Harmonie Magazine review - bt Philippe Gnana (French)

SILHOUETTE
A MAZE
Autoproduction - Pays-Bas - 2007

Il faut bien reconnaître que ce combo hollandais s’est fabriqué un logo fortement réminiscent de celui du Marillion de la première heure. Ça n’en fait pas pour autant un clone ou un disciple de la troupe de Fish. Mais cela donne un indice quant à la musique jouée par ce groupe, à savoir du néo-progressif, mais du néo-progressif à la sauce hollandaise, dans la lignée d’Egdon Heath, Odyssice ou Like Wendy. Pour affiner davantage encore la description, on peut préciser que la musique de Silhouette se veut avant tout mélodique. On a souvent caractérisé le néo-progressif par l’attirance de certains groupes vers l’énergie du hard.  Silhouette s’en éloigne, étant plus attiré par les atmosphères ouatées et mélancoliques. Cela confine parfois même à la pop à tendance discrètement symphonique. A Maze est donc le premier opus de ce groupe
qui s’est réuni il y a 4 à 5 ans, à l’instigation de Jos Uffing, transfuge de Cliffhanger, dont certains membres ont resurgi au sein de Knight Area, avec le succès que l’on sait. Quand on y regarde d’un peu plus près,  on s’aperçoit qu’en réalité il y a trois compositeurs et trois chanteurs à part entière dans ce groupe : Jos Uffing, le batteur, Brian de Graeve, le guitariste et Erik Laan, le claviériste, chacun ayant un style de  composition propre.
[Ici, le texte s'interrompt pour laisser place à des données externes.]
(* Let $G$ be a connected graph with $m$ edges and $m_1$ pendent $2$-length paths. Then $rc(L^2(G))\leq m-m_1$, and equality holds if and only if $G$ is a path of length at least $3$.
   Context: All graphs are simple, finite and undirected. $L(G)$ is the line graph of $G$ and $L^2(G)=L(L(G))$ is the iterated line graph. A pendent $k$-length path of $G$ is a path of length $k$ in $G$ one of whose end vertices has degree $1$ in $G$ and all of whose internal vertices have degree $2$ in $G$. For an edge-colouring of a graph (adjacent edges may receive the same colour), a path is rainbow if no two of its edges have the same colour; the graph is rainbow connected if every two vertices are joined by a rainbow path. The rainbow connection number $rc(H)$ of a connected graph $H$ is the smallest number of colours in an edge-colouring making $H$ rainbow connected. *)

theory Defs
  imports Main
begin

type_synonym 'a graph = "'a set \<times> 'a set set"

definition simple_graph :: "'a graph \<Rightarrow> bool" where
  "simple_graph G \<longleftrightarrow> finite (fst G) \<and>
     (\<forall>e\<in>snd G. \<exists>u v. e = {u, v} \<and> u \<noteq> v \<and> u \<in> fst G \<and> v \<in> fst G)"

definition is_gpath :: "'a graph \<Rightarrow> 'a list \<Rightarrow> bool" where
  "is_gpath G xs \<longleftrightarrow> xs \<noteq> [] \<and> set xs \<subseteq> fst G \<and> distinct xs \<and>
     (\<forall>i. Suc i < length xs \<longrightarrow> {xs ! i, xs ! Suc i} \<in> snd G)"

definition path_edges :: "'a list \<Rightarrow> 'a set list" where
  "path_edges xs = map (\<lambda>i. {xs ! i, xs ! Suc i}) [0..<length xs - 1]"

definition connected_graph :: "'a graph \<Rightarrow> bool" where
  "connected_graph G \<longleftrightarrow> fst G \<noteq> {} \<and>
     (\<forall>u\<in>fst G. \<forall>v\<in>fst G. \<exists>xs. is_gpath G xs \<and> hd xs = u \<and> last xs = v)"

definition degree :: "'a graph \<Rightarrow> 'a \<Rightarrow> nat" where
  "degree G v = card {e \<in> snd G. v \<in> e}"

definition line_graph :: "'a graph \<Rightarrow> 'a set graph" where
  "line_graph G = (snd G, {{e, f} | e f. e \<in> snd G \<and> f \<in> snd G \<and> e \<noteq> f \<and> e \<inter> f \<noteq> {}})"

definition rainbow_path :: "('a set \<Rightarrow> nat) \<Rightarrow> 'a list \<Rightarrow> bool" where
  "rainbow_path c xs \<longleftrightarrow> distinct (map c (path_edges xs))"

definition rainbow_connected :: "'a graph \<Rightarrow> ('a set \<Rightarrow> nat) \<Rightarrow> bool" where
  "rainbow_connected G c \<longleftrightarrow>
     (\<forall>u\<in>fst G. \<forall>v\<in>fst G. \<exists>xs. is_gpath G xs \<and> hd xs = u \<and> last xs = v \<and> rainbow_path c xs)"

definition rc :: "'a graph \<Rightarrow> nat" where
  "rc G = (LEAST k. \<exists>c. (\<forall>e\<in>snd G. c e < k) \<and> rainbow_connected G c)"

text \<open>Pendent 2-length paths, counted as subgraphs (i.e. by their edge sets).\<close>
definition pendent_2paths :: "'a graph \<Rightarrow> 'a set set set" where
  "pendent_2paths G = {set (path_edges xs) | xs. is_gpath G xs \<and> length xs = 3 \<and>
       degree G (xs ! 0) = 1 \<and> degree G (xs ! 1) = 2}"

definition is_path_graph_len_ge3 :: "'a graph \<Rightarrow> bool" where
  "is_path_graph_len_ge3 G \<longleftrightarrow> (\<exists>xs. is_gpath G xs \<and> set xs = fst G \<and>
       set (path_edges xs) = snd G \<and> length xs \<ge> 4)"

end

theory Submission
  imports Defs
begin

text \<open>
  A vertex of L(L(G)) is a pair of adjacent edges of G, and an edge of L(L(G)) is a walk a, f, b
  of three edges of G with a \<noteq> b; its middle edge f has two distinct neighbours. Colouring
  every edge of L(L(G)) by its middle edge rainbow-connects L(L(G)): between two pairs, a shortest
  walk of edges has pairwise distinct middle edges. The pendant edge of a pendent 2-path is never a
  middle edge, hence rc(L(L(G))) is at most the number of middle edges, which is at most m - m1.

  Unless G is a path with at least three edges, one colour can be saved: a vertex of degree three
  gives a triangle of L(G) whose middle colour can be borrowed from another edge of the triangle;
  in a cycle, removing one edge keeps the other edges connected, so that edge can take the colour
  of a neighbour; paths with at most two edges are checked directly. For a path with m \<ge> 3
  edges, m1 = 2 and the two extreme vertices of L(L(G)) lie at distance m - 2 = m - m1, so that
  equality holds.
\<close>

lemma path_edges_Nil [simp]: "path_edges [] = []"
  by (simp add: path_edges_def)

lemma path_edges_singleton [simp]: "path_edges [x] = []"
  by (simp add: path_edges_def)

lemma path_edges_Cons_Cons [simp]: "path_edges (x # y # zs) = {x, y} # path_edges (y # zs)"
  unfolding path_edges_def by (simp add: upt_conv_Cons map_Suc_upt[symmetric] del: upt_Suc)

lemma length_path_edges [simp]: "length (path_edges xs) = length xs - 1"
  by (simp add: path_edges_def)

lemma nth_path_edges: "i < length xs - 1 \<Longrightarrow> path_edges xs ! i = {xs ! i, xs ! Suc i}"
  by (simp add: path_edges_def)

lemma edge_in_set_path_edges: "Suc i < length xs \<Longrightarrow> {xs ! i, xs ! Suc i} \<in> set (path_edges xs)"
  using nth_mem[of i "path_edges xs"] by (simp add: nth_path_edges)

lemma successively_path_edges_meet: "successively (\<lambda>e f. e \<inter> f \<noteq> {}) (path_edges xs)"
proof (induction xs rule: induct_list012)
  case (3 x y zs)
  then show ?case by (cases zs) auto
qed auto

lemma set_path_edges_subset: "successively (\<lambda>u v. {u, v} \<in> E) xs \<Longrightarrow> set (path_edges xs) \<subseteq> E"
  by (induction xs rule: induct_list012) auto

lemma hd_last_path_edges:
  assumes "2 \<le> length xs"
  shows "hd (path_edges xs) = {xs ! 0, xs ! 1}"
    and "last (path_edges xs) = {xs ! (length xs - 2), xs ! (length xs - 1)}"
proof -
  have ne: "path_edges xs \<noteq> []"
    using assms by (metis One_nat_def diff_is_0_eq length_path_edges list.size(3) not_less_eq_eq Suc_1)
  show "hd (path_edges xs) = {xs ! 0, xs ! 1}"
    using ne assms by (simp add: hd_conv_nth nth_path_edges)
  have "Suc (length xs - 2) = length xs - 1"
    using assms by arith
  then show "last (path_edges xs) = {xs ! (length xs - 2), xs ! (length xs - 1)}"
    using ne assms by (simp add: last_conv_nth nth_path_edges numeral_2_eq_2)
qed

lemma path_edges_rev: "path_edges (rev xs) = rev (path_edges xs)"
  by (rule nth_equalityI) (auto simp: nth_path_edges rev_nth Suc_diff_Suc insert_commute)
Jos Uffing représente le versant pop, avec des compositions plus courtes et concises. Erik Laan se situe dans un registre très floydien, The lie empruntant pas mal à Wish you were here alors  que Long distance s’inspire de Comfortably numb. Brian de Graeve est le pôle le plus progressif du groupe avec, à son actif, les compositions les plus longues et les plus alambiquées. Si la voix de Jos Uffing est un tantinet plus  rocailleuse que celle de chacun de ses comparses, l’unité du groupe est préservée et réalisée par le travail sur les sonorités et les arrangements. La musique de Silhouette se polarise donc avant tout sur la dimension mélodique mais il faut bien reconnaître que c’est dans le contexte des compositions les plus amples que cette finesse mélodique s’exprime le mieux. On peut regretter par ailleurs que le groupe n’instille un peu plus de vigueur et de contraste dans sa musique : les mélodies aussi jolies soient-elles, finissent par laisser une vague impression d’uniformité. Un premier essai plus que prometteur.